--- Records for the task ---

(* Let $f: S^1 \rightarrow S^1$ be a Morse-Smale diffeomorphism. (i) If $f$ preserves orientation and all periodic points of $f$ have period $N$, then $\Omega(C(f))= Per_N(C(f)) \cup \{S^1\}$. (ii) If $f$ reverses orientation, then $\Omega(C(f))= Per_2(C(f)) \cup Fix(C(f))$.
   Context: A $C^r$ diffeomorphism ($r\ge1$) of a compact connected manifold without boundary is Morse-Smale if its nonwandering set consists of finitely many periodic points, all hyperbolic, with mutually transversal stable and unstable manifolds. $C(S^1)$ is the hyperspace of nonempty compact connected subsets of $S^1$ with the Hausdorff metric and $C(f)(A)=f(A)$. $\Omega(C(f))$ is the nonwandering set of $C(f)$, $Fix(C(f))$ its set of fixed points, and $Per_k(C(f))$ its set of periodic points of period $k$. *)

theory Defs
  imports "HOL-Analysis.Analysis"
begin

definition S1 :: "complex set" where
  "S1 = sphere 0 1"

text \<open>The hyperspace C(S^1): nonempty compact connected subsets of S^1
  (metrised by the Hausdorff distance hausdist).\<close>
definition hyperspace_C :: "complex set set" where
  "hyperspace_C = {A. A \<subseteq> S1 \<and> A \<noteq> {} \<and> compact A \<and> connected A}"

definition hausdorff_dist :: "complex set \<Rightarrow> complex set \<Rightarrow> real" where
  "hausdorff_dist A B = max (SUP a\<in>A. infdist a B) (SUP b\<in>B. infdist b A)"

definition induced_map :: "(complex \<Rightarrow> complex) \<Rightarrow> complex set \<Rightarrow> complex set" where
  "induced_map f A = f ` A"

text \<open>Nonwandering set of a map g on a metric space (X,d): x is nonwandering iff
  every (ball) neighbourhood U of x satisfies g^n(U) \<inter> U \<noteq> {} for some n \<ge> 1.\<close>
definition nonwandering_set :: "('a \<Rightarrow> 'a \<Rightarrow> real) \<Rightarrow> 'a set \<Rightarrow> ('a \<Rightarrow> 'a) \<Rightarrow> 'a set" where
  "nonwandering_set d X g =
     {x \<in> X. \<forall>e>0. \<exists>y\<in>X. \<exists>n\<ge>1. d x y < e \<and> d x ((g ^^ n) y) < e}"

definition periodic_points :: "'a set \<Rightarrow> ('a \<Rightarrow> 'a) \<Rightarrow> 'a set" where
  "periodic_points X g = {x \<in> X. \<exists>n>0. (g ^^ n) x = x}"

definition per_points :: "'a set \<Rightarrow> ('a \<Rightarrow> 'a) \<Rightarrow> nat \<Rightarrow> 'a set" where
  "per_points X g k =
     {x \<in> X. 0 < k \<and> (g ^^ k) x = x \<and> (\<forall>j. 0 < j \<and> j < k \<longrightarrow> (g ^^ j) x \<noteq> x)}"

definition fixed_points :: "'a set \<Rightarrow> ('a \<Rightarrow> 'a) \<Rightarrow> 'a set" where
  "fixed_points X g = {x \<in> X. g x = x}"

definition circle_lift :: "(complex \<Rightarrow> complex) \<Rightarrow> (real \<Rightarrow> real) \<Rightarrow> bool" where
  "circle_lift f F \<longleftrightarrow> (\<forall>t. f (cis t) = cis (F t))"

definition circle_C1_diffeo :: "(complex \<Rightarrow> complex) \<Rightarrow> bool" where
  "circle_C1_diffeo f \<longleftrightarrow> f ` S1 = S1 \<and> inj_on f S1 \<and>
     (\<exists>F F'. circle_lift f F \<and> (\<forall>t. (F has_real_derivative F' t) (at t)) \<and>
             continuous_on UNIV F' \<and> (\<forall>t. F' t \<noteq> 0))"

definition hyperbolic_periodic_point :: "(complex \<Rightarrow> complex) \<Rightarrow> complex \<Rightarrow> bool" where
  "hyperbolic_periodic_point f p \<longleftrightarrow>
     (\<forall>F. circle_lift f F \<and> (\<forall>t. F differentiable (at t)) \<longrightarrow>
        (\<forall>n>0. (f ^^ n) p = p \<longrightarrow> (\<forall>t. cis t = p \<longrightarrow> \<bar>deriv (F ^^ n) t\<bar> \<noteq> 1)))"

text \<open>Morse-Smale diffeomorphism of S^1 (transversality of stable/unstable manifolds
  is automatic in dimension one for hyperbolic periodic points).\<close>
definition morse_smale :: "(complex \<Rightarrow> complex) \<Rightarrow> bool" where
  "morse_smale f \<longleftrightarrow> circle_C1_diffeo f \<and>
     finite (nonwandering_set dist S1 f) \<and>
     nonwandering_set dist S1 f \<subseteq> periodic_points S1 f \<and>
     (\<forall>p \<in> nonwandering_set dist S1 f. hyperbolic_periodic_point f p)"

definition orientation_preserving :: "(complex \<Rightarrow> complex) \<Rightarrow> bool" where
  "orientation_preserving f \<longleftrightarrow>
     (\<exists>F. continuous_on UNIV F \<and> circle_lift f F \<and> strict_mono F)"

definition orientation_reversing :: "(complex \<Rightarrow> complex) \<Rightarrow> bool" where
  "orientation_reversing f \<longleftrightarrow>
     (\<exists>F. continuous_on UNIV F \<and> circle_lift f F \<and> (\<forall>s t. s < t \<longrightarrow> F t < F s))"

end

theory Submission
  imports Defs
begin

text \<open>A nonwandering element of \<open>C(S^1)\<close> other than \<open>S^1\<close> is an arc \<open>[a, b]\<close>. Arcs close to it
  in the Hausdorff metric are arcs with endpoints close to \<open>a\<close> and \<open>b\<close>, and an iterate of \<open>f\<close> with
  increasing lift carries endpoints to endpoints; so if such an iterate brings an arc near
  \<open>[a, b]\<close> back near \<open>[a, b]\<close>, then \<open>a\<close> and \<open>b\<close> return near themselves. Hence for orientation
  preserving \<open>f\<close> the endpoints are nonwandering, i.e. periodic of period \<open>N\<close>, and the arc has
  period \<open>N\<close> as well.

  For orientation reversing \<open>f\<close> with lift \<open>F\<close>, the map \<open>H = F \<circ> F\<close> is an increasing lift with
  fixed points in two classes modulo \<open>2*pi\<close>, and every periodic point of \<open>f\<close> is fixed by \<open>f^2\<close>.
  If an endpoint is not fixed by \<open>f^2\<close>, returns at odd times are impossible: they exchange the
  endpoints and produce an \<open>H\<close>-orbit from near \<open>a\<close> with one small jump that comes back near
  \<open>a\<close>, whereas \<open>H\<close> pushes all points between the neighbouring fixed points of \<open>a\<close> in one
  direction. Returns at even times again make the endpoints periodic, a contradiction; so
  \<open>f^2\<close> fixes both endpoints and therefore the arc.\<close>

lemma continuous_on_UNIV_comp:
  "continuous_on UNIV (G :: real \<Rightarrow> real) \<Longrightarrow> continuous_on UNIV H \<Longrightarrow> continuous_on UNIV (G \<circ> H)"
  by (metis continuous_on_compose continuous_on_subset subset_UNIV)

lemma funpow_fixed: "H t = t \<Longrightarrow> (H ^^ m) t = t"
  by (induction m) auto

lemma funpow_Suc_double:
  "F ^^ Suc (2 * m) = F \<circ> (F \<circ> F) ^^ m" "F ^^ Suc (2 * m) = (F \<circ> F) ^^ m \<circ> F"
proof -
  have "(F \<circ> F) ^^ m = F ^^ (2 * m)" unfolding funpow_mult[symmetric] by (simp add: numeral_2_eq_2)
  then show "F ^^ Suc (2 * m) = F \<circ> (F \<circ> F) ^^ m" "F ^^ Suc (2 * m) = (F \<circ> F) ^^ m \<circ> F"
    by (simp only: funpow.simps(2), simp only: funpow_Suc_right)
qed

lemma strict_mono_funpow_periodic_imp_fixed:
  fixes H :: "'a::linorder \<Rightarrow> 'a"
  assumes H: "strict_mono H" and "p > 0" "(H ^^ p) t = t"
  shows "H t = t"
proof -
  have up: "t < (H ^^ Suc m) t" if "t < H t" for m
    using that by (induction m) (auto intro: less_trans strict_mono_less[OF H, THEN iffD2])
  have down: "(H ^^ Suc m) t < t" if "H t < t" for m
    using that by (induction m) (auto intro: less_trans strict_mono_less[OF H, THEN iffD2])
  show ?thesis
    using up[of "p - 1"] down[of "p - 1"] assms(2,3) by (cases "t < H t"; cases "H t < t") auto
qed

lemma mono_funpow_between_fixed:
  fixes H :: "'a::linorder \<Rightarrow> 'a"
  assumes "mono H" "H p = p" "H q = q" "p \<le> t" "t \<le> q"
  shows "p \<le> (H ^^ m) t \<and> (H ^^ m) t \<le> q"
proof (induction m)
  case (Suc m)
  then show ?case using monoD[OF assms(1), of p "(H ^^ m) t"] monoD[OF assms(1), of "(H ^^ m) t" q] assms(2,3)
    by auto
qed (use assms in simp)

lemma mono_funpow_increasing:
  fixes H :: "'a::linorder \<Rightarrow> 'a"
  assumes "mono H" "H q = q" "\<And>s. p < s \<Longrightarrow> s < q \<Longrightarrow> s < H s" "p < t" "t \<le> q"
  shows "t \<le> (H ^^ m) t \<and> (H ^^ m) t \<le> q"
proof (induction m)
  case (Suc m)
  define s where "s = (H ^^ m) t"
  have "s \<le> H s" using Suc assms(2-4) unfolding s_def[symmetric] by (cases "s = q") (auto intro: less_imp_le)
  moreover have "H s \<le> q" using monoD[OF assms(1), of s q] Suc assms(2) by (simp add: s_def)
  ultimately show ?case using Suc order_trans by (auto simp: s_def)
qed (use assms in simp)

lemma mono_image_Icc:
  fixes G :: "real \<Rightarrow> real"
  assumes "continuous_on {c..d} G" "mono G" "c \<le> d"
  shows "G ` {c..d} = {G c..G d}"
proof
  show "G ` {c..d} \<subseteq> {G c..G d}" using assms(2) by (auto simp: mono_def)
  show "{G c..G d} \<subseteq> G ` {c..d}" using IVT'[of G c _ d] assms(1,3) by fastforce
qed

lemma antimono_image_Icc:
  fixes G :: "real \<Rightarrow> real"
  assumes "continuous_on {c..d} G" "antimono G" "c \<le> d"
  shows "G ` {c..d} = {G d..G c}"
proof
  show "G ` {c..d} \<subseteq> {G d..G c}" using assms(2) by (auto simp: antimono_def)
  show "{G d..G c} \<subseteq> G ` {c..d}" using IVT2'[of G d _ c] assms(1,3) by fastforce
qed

---

Problem to work on
Please reproduce exactly the lines in the listing above from the one containing "in the Hausdorff" through the one containing "Hence for orientation", both included, and nothing more.

Result below
  in the Hausdorff metric are arcs with endpoints close to \<open>a\<close> and \<open>b\<close>, and an iterate of \<open>f\<close> with
  increasing lift carries endpoints to endpoints; so if such an iterate brings an arc near
  \<open>[a, b]\<close> back near \<open>[a, b]\<close>, then \<open>a\<close> and \<open>b\<close> return near themselves. Hence for orientation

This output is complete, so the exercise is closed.